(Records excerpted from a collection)

* * * *

lemma bij_betw_left_graph:
  assumes "add_subgroup a" "add_subgroup b" "transv a b"
  shows "bij_betw (left_graph a) (bijs a b) (Uab a b)"
proof (rule bij_betw_byWitness[where f' = "graph_fun a b"])
  show "\<forall>F\<in>bijs a b. graph_fun a b (left_graph a F) = F"
    using graph_fun_left_graph[OF assms(2,3)] by (simp add: bijs_def)
  show "\<forall>x\<in>Uab a b. left_graph a (graph_fun a b x) = x"
    using left_graph_graph_fun[OF assms(2,3)] by (simp add: Uab_def)
  show "left_graph a ` bijs a b \<subseteq> Uab a b"
    using left_graph_in_Uab[OF assms] by blast
  show "graph_fun a b ` Uab a b \<subseteq> bijs a b"
    using graph_fun_in_bijs[OF assms] by blast
qed

theorem theorem4p4:
  fixes a b :: "'a::group_add set"
  assumes "add_subgroup a" and "add_subgroup b" and "transv a b"
  shows "(\<forall>x\<in>Uab a b. \<forall>y\<in>Uab a b. \<forall>z\<in>Uab a b. Gamma x a y b z \<in> Uab a b)
     \<and> torsor (Uab a b) (\<lambda>x y z. Gamma x a y b z)
     \<and> torsor (bijs a b) (bij_law a)
     \<and> bij_betw (left_graph a) (bijs a b) (Uab a b)
     \<and> (\<forall>X\<in>bijs a b. \<forall>Y\<in>bijs a b. \<forall>Z\<in>bijs a b.
          left_graph a (bij_law a X Y Z)
            = Gamma (left_graph a X) a (left_graph a Y) b (left_graph a Z))"
proof -
  have hom: "\<forall>X\<in>bijs a b. \<forall>Y\<in>bijs a b. \<forall>Z\<in>bijs a b.
      left_graph a (bij_law a X Y Z) = Gamma (left_graph a X) a (left_graph a Y) b (left_graph a Z)"
    using left_graph_bij_law[OF assms] by blast
  have torsor_Uab: "torsor (Uab a b) (\<lambda>x y z. Gamma x a y b z)"
    using torsor_bijs bij_betw_imp_surj_on[OF bij_betw_left_graph[OF assms]]
    by (rule torsor_transfer) (rule left_graph_bij_law[OF assms])
  then have "\<forall>x\<in>Uab a b. \<forall>y\<in>Uab a b. \<forall>z\<in>Uab a b. Gamma x a y b z \<in> Uab a b"
    unfolding torsor_def by (rule conjunct1)
  with torsor_Uab torsor_bijs bij_betw_left_graph[OF assms] hom show ?thesis by blast
qed

end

* * * *

§ **EXERCISE DETAILS**
Give back every line of the data exactly as it was written.

§ **EXERCISE RESPONSE**
lemma bij_betw_left_graph:
  assumes "add_subgroup a" "add_subgroup b" "transv a b"
  shows "bij_betw (left_graph a) (bijs a b) (Uab a b)"
proof (rule bij_betw_byWitness[where f' = "graph_fun a b"])
  show "\<forall>F\<in>bijs a b. graph_fun a b (left_graph a F) = F"
    using graph_fun_left_graph[OF assms(2,3)] by (simp add: bijs_def)
  show "\<forall>x\<in>Uab a b. left_graph a (graph_fun a b x) = x"
    using left_graph_graph_fun[OF assms(2,3)] by (simp add: Uab_def)
  show "left_graph a ` bijs a b \<subseteq> Uab a b"
    using left_graph_in_Uab[OF assms] by blast
  show "graph_fun a b ` Uab a b \<subseteq> bijs a b"
    using graph_fun_in_bijs[OF assms] by blast
qed

theorem theorem4p4:
  fixes a b :: "'a::group_add set"
  assumes "add_subgroup a" and "add_subgroup b" and "transv a b"
  shows "(\<forall>x\<in>Uab a b. \<forall>y\<in>Uab a b. \<forall>z\<in>Uab a b. Gamma x a y b z \<in> Uab a b)
     \<and> torsor (Uab a b) (\<lambda>x y z. Gamma x a y b z)
     \<and> torsor (bijs a b) (bij_law a)
     \<and> bij_betw (left_graph a) (bijs a b) (Uab a b)
     \<and> (\<forall>X\<in>bijs a b. \<forall>Y\<in>bijs a b. \<forall>Z\<in>bijs a b.
          left_graph a (bij_law a X Y Z)
            = Gamma (left_graph a X) a (left_graph a Y) b (left_graph a Z))"
proof -
  have hom: "\<forall>X\<in>bijs a b. \<forall>Y\<in>bijs a b. \<forall>Z\<in>bijs a b.
      left_graph a (bij_law a X Y Z) = Gamma (left_graph a X) a (left_graph a Y) b (left_graph a Z)"
    using left_graph_bij_law[OF assms] by blast
  have torsor_Uab: "torsor (Uab a b) (\<lambda>x y z. Gamma x a y b z)"
    using torsor_bijs bij_betw_imp_surj_on[OF bij_betw_left_graph[OF assms]]
    by (rule torsor_transfer) (rule left_graph_bij_law[OF assms])
  then have "\<forall>x\<in>Uab a b. \<forall>y\<in>Uab a b. \<forall>z\<in>Uab a b. Gamma x a y b z \<in> Uab a b"
    unfolding torsor_def by (rule conjunct1)
  with torsor_Uab torsor_bijs bij_betw_left_graph[OF assms] hom show ?thesis by blast
qed

end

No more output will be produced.